BEGIN

lemma run_card_stuck_le_missing_edges:
  assumes "roundabout_run N v G A" "is_dfs_tour ET r0 N v" "finite ET"
    and "t \<in> {1..N}" "u \<in> {1..t}"
  shows "card {i\<in>A t. \<not> moved N v G i u} \<le> 2 * card (ET - G u)"
  using run_card_stuck_le[OF assms(1,4,5)] card_tour_steps_outside[OF assms(2,3)]
  by (rule order_trans)

theorem lemma8:
  fixes V :: "'a set" and ET :: "'a set set" and r0 :: 'a and v :: "nat \<Rightarrow> 'a"
    and G :: "nat \<Rightarrow> 'a set set" and A :: "nat \<Rightarrow> nat set"
    and n k N t r :: nat
  assumes "finite V" and "card V = n" and "n \<ge> 2"
    and "is_tree V ET"
    and "N = 2 * (n - 1)"
    and "r0 \<in> V"
    and "is_dfs_tour ET r0 N v"
    and "\<forall>s\<in>{1..N}. G s \<subseteq> edges_on V \<and> card (ET - G s) \<le> k"
    and "roundabout_run N v G A"
    and "t \<in> {1..N}"
    and "2 * k + 1 \<le> r" and "r \<le> N"
    and "card (A t) \<ge> r"
  shows "real t \<le> (2 * real N - real r) / (real r - 2 * real k)"
proof -
  let ?m = "card (A t)"
  have finite_ET: "finite ET"
    using assms(1,4) by (rule is_tree_finite_edges)
  have "finite (A t)"
    using run_survivors_subset[OF assms(9), of t] assms(10) by (auto intro: finite_subset)
  moreover have "\<forall>u\<in>{1..t}. card {i\<in>A t. \<not> moved N v G i u} \<le> 2 * k"
  proof
    fix u assume u: "u \<in> {1..t}"
    then have "card (ET - G u) \<le> k"
      using assms(8,10) by auto
    then show "card {i\<in>A t. \<not> moved N v G i u} \<le> 2 * k"
      using run_card_stuck_le_missing_edges[OF assms(9,7) finite_ET assms(10) u]
      by linarith
  qed
  ultimately have "t * ?m \<le> (\<Sum>i\<in>A t. moves N v G i t) + t * (2 * k)"
    by (rule sum_moves_ge)
  moreover have "(\<Sum>i\<in>A t. moves N v G i t) + ?m \<le> 2 * N"
    using run_sum_moves_le[OF assms(9,10)] unfolding sum.distrib by simp
  ultimately have "t * r + r \<le> 2 * N + t * (2 * k)"
    using assms(13) mult_le_mono2[of r ?m t] by linarith
  then have "real (t * r + r) \<le> real (2 * N + t * (2 * k))"
    by (simp only: of_nat_le_iff)
  then have "real t * (real r - 2 * real k) \<le> 2 * real N - real r"
    by (simp add: algebra_simps)
  then show ?thesis
    using assms(11) by (simp add: pos_le_divide_eq)
qed

end
(* Assume that $d_k^2 < 2p_{k+1}$ for every $k\geq 1$. Then for every integer $N\geq 1$ there is a prime $p$ with $N^2 < p < (N+1)^2$.
   Context: $p_k$ denotes the $k$th prime ($p_1=2$) and $d_k := p_{k+1}-p_k$. *)

theory Defs
  imports Main "HOL-Computational_Algebra.Primes" "HOL-Library.Infinite_Set"
begin

text \<open>p k is the k-th prime, 1-based: p 1 = 2. enumerate S 0 is the least element of S.\<close>
definition p :: "nat \<Rightarrow> nat" where
  "p k = enumerate {q::nat. prime q} (k - 1)"

definition d :: "nat \<Rightarrow> nat" where
  "d k = p (k + 1) - p k"

end

theory Submission
  imports Defs
begin

text \<open>If no prime lay strictly between \<open>N\<^sup>2\<close> and \<open>(N + 1)\<^sup>2\<close>, then, squares not being
  prime, some consecutive primes would satisfy \<open>p k < N\<^sup>2\<close> and \<open>p (k + 1) > (N + 1)\<^sup>2\<close>, so
  \<open>d k \<ge> 2 N + 3\<close>. But the hypothesis gives \<open>d k\<^sup>2 < 2 p (k + 1) = 2 (p k + d k) < 2 N\<^sup>2 + 2 d k\<close>,
  which forces \<open>d k \<le> 2 N + 2\<close>.\<close>

lemma infinite_primes: "infinite {q::nat. prime q}"
  using primes_infinite by simp

lemma prime_p: "prime (p k)"
  unfolding p_def using enumerate_in_set[OF infinite_primes] by auto

lemma p_less_p_Suc: "1 \<le> k \<Longrightarrow> p k < p (k + 1)"
  unfolding p_def using strict_mono_enumerate[OF infinite_primes]
  by (simp add: strict_mono_def)

lemma prime_eq_p:
  assumes "prime q"
  obtains k where "1 \<le> k" "p k = q"
proof -
  have "q \<in> range (enumerate {q::nat. prime q})"
    using assms range_enumerate[OF infinite_primes] by auto
  then obtain i where "enumerate {q::nat. prime q} i = q" by auto
  then show ?thesis using that[of "i + 1"] by (simp add: p_def)
qed

lemma not_prime_square: "\<not> prime ((n::nat)^2)"
  by (simp add: prime_power_iff)

lemma consecutive_primes_across_gap:
  assumes "2 \<le> a" and no_prime: "\<And>q. prime q \<Longrightarrow> a < q \<Longrightarrow> b \<le> q"
  obtains k where "1 \<le> k" "p k \<le> a" "b \<le> p (k + 1)"
proof -
  define S where "S = {q::nat. prime q \<and> q \<le> a}"
  have "finite S" "2 \<in> S"
    using \<open>2 \<le> a\<close> by (auto simp: S_def)
  then have "Max S \<in> S" and Max_ge: "\<And>q. q \<in> S \<Longrightarrow> q \<le> Max S"
    by (auto intro: Max_in)
  then obtain k where k: "1 \<le> k" "p k = Max S"
    using prime_eq_p by (auto simp: S_def)
  have "a < p (k + 1)"
  proof (rule ccontr)
    assume "\<not> a < p (k + 1)"
    then have "p (k + 1) \<le> p k"
      using Max_ge[of "p (k + 1)"] prime_p k(2) by (auto simp: S_def)
    with p_less_p_Suc[OF k(1)] show False by simp
  qed
  then have "b \<le> p (k + 1)"
    using no_prime prime_p by blast
  moreover have "p k \<le> a"
    using \<open>Max S \<in> S\<close> k(2) by (simp add: S_def)
  ultimately show ?thesis
    using that k(1) by blast
qed

lemma gap_bound_of_square_bound:
  fixes D P N :: nat
  assumes "D^2 < 2 * (P + D)" and "P < N^2"
  shows "D \<le> 2 * N + 2"
proof (rule ccontr)
  assume "\<not> D \<le> 2 * N + 2"
  then have "2 * N + 3 \<le> D" by simp
  then have "(2 * N + 1) * (2 * N + 3) \<le> (2 * N + 1) * D"
    by (rule mult_le_mono2)
  moreover have "(2 * N + 3) * D \<le> D * D"
    using \<open>2 * N + 3 \<le> D\<close> by (rule mult_le_mono1)
  ultimately show False
    using assms by (simp add: power2_eq_square algebra_simps)
qed

lemma large_gap_across_prime_free_square_interval:
  assumes "2 \<le> N" and no_prime: "\<nexists>q. prime q \<and> N^2 < q \<and> q < (N + 1)^2"
  obtains k where "1 \<le> k" "p k < N^2" "2 * N + 3 \<le> d k"
proof -
  have "2 \<le> N^2"
    using \<open>2 \<le> N\<close> by (simp add: power2_eq_square order_trans[OF _ le_square])
  moreover have "(N + 1)^2 + 1 \<le> q" if "prime q" "N^2 < q" for q
    using that no_prime not_prime_square[of "N + 1"]
    by (cases "q = (N + 1)^2") (auto simp: not_less)
  ultimately obtain k where k: "1 \<le> k" "p k \<le> N^2" "(N + 1)^2 + 1 \<le> p (k + 1)"
    using consecutive_primes_across_gap by blast
  have "p k < N^2"
    using k(2) prime_p[of k] not_prime_square[of N] by (metis le_neq_implies_less)
  moreover have "(N + 1)^2 = N^2 + 2 * N + 1"
    by algebra
  ultimately have "2 * N + 3 \<le> d k"
    using k(3) by (simp add: d_def)
  with k(1) \<open>p k < N^2\<close> show ?thesis
    using that by blast
qed

theorem theorem2p3:
  assumes "\<forall>k::nat. k \<ge> 1 \<longrightarrow> (d k)^2 < 2 * p (k + 1)"
  shows "\<forall>N::nat. N \<ge> 1 \<longrightarrow> (\<exists>q::nat. prime q \<and> N^2 < q \<and> q < (N + 1)^2)"
proof (intro allI impI)
  fix N :: nat
  assume "N \<ge> 1"
  show "\<exists>q. prime q \<and> N^2 < q \<and> q < (N + 1)^2"
  proof (cases "N = 1")
    case True
    then show ?thesis by (intro exI[of _ 2]) (simp add: power2_eq_square)
  next
    case False
    show ?thesis
    proof (rule ccontr)
      assume "\<nexists>q. prime q \<and> N^2 < q \<and> q < (N + 1)^2"
      moreover have "2 \<le> N"
        using \<open>N \<ge> 1\<close> \<open>N \<noteq> 1\<close> by simp
      ultimately obtain k where k: "1 \<le> k" "p k < N^2" "2 * N + 3 \<le> d k"
        using large_gap_across_prime_free_square_interval by blast
      have "d k^2 < 2 * (p k + d k)"
        using assms k(1) p_less_p_Suc[OF k(1)] by (simp add: d_def)
      then have "d k \<le> 2 * N + 2"
        using k(2) by (rule gap_bound_of_square_bound)
      with k(3) show False
        by simp
    qed
  qed
qed

end
(* Let $\mathbb M=(M,d)$ be an unbounded metric space whose group of isometries $\mathrm{Aut}(\mathbb M)$ acts transitively on $M$. Suppose that for some $t\in\mathbb{R}_+^*$ the set $\mathrm{spec}(\mathbb M)\cap[t,+\infty)$ is uncountable and every bounded subspace of $\mathbb M$ is $t$-totally bounded. Then $$\mathrm{age}_t(\mathbb M):=\{\text{isometry type of }\mathbb M_{\restriction X}: X\subseteq M\text{ finite},\ d(\mathbb M_{\restriction X})\ge t\}$$ is an ideal contained in $\mathrm{age}(\mathbb M)$ which is not representable.
   Context: For a metric space $\mathbb M=(M,d)$: $\mathrm{spec}(\mathbb M)=\{d(x,y):x,y\in M\}$; $d(\mathbb M):=\inf(\mathrm{spec}(\mathbb M)\setminus\{0\})$, with $d(\mathbb M)=+\infty$ if $|M|\le 1$; $\mathbb M_{\restriction X}$ is the subspace on $X$. $\omega_t(\mathbb M):=\sup\{|X|:X\subseteq M,\ d(\mathbb M_{\restriction X})\ge t\}$, and $\mathbb M$ is $t$-totally bounded if $\omega_t(\mathbb M)$ is finite. Finite metric spaces are considered up to isometry and ordered by isometric embeddability; $\mathrm{age}(\mathbb M)$ is the set of isometry types of finite subspaces of $\mathbb M$. An ideal is a non-empty, downward closed, up-directed set of such isometry types; it is representable if it equals $\mathrm{age}(\mathbb M')$ for some metric space $\mathbb M'$. *)

theory Defs
  imports "HOL-Analysis.Analysis" "HOL-Library.Countable_Set"
begin

text \<open>The minimal distance of a subspace X: inf of nonzero distances, +infinity if card X \<le> 1.\<close>
definition mindist :: "'a set \<Rightarrow> ('a \<Rightarrow> 'a \<Rightarrow> real) \<Rightarrow> ereal" where
  "mindist X d = Inf {ereal (d x y) | x y. x \<in> X \<and> y \<in> X \<and> x \<noteq> y}"

definition spec :: "'a set \<Rightarrow> ('a \<Rightarrow> 'a \<Rightarrow> real) \<Rightarrow> real set" where
  "spec M d = {d x y | x y. x \<in> M \<and> y \<in> M}"

definition omega_t :: "'a set \<Rightarrow> ('a \<Rightarrow> 'a \<Rightarrow> real) \<Rightarrow> real \<Rightarrow> enat" where
  "omega_t M d t = (SUP X \<in> {X. X \<subseteq> M \<and> mindist X d \<ge> ereal t}.
                     (if finite X then enat (card X) else \<infinity>))"

definition t_totally_bounded :: "'a set \<Rightarrow> ('a \<Rightarrow> 'a \<Rightarrow> real) \<Rightarrow> real \<Rightarrow> bool" where
  "t_totally_bounded M d t \<longleftrightarrow> omega_t M d t \<noteq> \<infinity>"

definition isometry_on :: "'a set \<Rightarrow> ('a \<Rightarrow> 'a \<Rightarrow> real) \<Rightarrow> ('a \<Rightarrow> 'a) \<Rightarrow> bool" where
  "isometry_on M d f \<longleftrightarrow> bij_betw f M M \<and> (\<forall>x\<in>M. \<forall>y\<in>M. d (f x) (f y) = d x y)"

definition aut_transitive :: "'a set \<Rightarrow> ('a \<Rightarrow> 'a \<Rightarrow> real) \<Rightarrow> bool" where
  "aut_transitive M d \<longleftrightarrow> (\<forall>x\<in>M. \<forall>y\<in>M. \<exists>f. isometry_on M d f \<and> f x = y)"

text \<open>Isometry types of finite metric spaces: the set of all isometric copies on finite
  subsets of nat (values of the distance outside the carrier are irrelevant).\<close>
type_synonym fmrep = "nat set \<times> (nat \<Rightarrow> nat \<Rightarrow> real)"

definition iso_type :: "'a set \<Rightarrow> ('a \<Rightarrow> 'a \<Rightarrow> real) \<Rightarrow> fmrep set" where
  "iso_type X d = {(A, D). finite A \<and>
      (\<exists>f. bij_betw f A X \<and> (\<forall>x\<in>A. \<forall>y\<in>A. D x y = d (f x) (f y)))}"

definition is_fm_type :: "fmrep set \<Rightarrow> bool" where
  "is_fm_type \<tau> \<longleftrightarrow> (\<exists>(A::nat set) D. finite A \<and> Metric_space A D \<and> \<tau> = iso_type A D)"

definition fm_embeds :: "fmrep set \<Rightarrow> fmrep set \<Rightarrow> bool" where
  "fm_embeds \<sigma> \<tau> \<longleftrightarrow> (\<exists>(A, D)\<in>\<sigma>. \<exists>(B, E)\<in>\<tau>. \<exists>f. inj_on f A \<and> f ` A \<subseteq> B \<and>
      (\<forall>x\<in>A. \<forall>y\<in>A. E (f x) (f y) = D x y))"

definition age :: "'a set \<Rightarrow> ('a \<Rightarrow> 'a \<Rightarrow> real) \<Rightarrow> fmrep set set" where
  "age M d = {iso_type X d | X. X \<subseteq> M \<and> finite X}"

definition age_t :: "'a set \<Rightarrow> ('a \<Rightarrow> 'a \<Rightarrow> real) \<Rightarrow> real \<Rightarrow> fmrep set set" where
  "age_t M d t = {iso_type X d | X. X \<subseteq> M \<and> finite X \<and> mindist X d \<ge> ereal t}"

definition is_ideal :: "fmrep set set \<Rightarrow> bool" where
  "is_ideal I \<longleftrightarrow> I \<noteq> {} \<and> (\<forall>\<tau>\<in>I. is_fm_type \<tau>) \<and>
     (\<forall>\<tau>\<in>I. \<forall>\<sigma>. is_fm_type \<sigma> \<and> fm_embeds \<sigma> \<tau> \<longrightarrow> \<sigma> \<in> I) \<and>
     (\<forall>\<tau>\<in>I. \<forall>\<sigma>\<in>I. \<exists>\<rho>\<in>I. fm_embeds \<tau> \<rho> \<and> fm_embeds \<sigma> \<rho>)"

definition representable :: "'b itself \<Rightarrow> fmrep set set \<Rightarrow> bool" where
  "representable _ I \<longleftrightarrow> (\<exists>(M'::'b set) d'. Metric_space M' d' \<and> I = age M' d')"

end

theory Submission
  imports Defs
begin

text \<open>
  Given finite \<open>t\<close>-separated sets \<open>X, Y \<subseteq> M\<close>, unboundedness and transitivity yield an
  isometry \<open>g\<close> moving \<open>Y\<close> so far away from \<open>X\<close> that \<open>X \<union> g Y\<close> is still
  \<open>t\<close>-separated; hence \<open>age_t\<close> is directed, and it is obviously downward closed.

  Suppose \<open>age_t M = age M'\<close>. A finite subset of a closed ball of radius \<open>R\<close> around
  \<open>x'\<close> in \<open>M'\<close>, together with \<open>x'\<close>, is isometric to a \<open>t\<close>-separated subset of \<open>M\<close>,
  which transitivity moves into the closed ball of radius \<open>R\<close> around a fixed point of \<open>M\<close>;
  there \<open>t\<close>-total boundedness bounds its size. So the balls of \<open>M'\<close> are finite, and
  \<open>M'\<close> and its spectrum are countable. But two points of \<open>M\<close> at distance \<open>\<ge> t\<close> form
  a \<open>t\<close>-separated pair, so the uncountable set \<open>spec M \<inter> [t, \<infinity>)\<close> lies in
  \<open>spec M'\<close>.
\<close>

lemma mindist_ge_iff:
  "ereal t \<le> mindist X d \<longleftrightarrow> (\<forall>x\<in>X. \<forall>y\<in>X. x \<noteq> y \<longrightarrow> t \<le> d x y)"
  unfolding mindist_def by (auto simp: le_Inf_iff) (metis ereal_less_eq(3))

END

» Task details:
Output exactly one stretch of the listing: from the line containing "using \<open>Max S" through the line containing "by (rule mult_le_mono2)", both end lines included.

» Answer box:
    using \<open>Max S \<in> S\<close> k(2) by (simp add: S_def)
  ultimately show ?thesis
    using that k(1) by blast
qed

lemma gap_bound_of_square_bound:
  fixes D P N :: nat
  assumes "D^2 < 2 * (P + D)" and "P < N^2"
  shows "D \<le> 2 * N + 2"
proof (rule ccontr)
  assume "\<not> D \<le> 2 * N + 2"
  then have "2 * N + 3 \<le> D" by simp
  then have "(2 * N + 1) * (2 * N + 3) \<le> (2 * N + 1) * D"
    by (rule mult_le_mono2)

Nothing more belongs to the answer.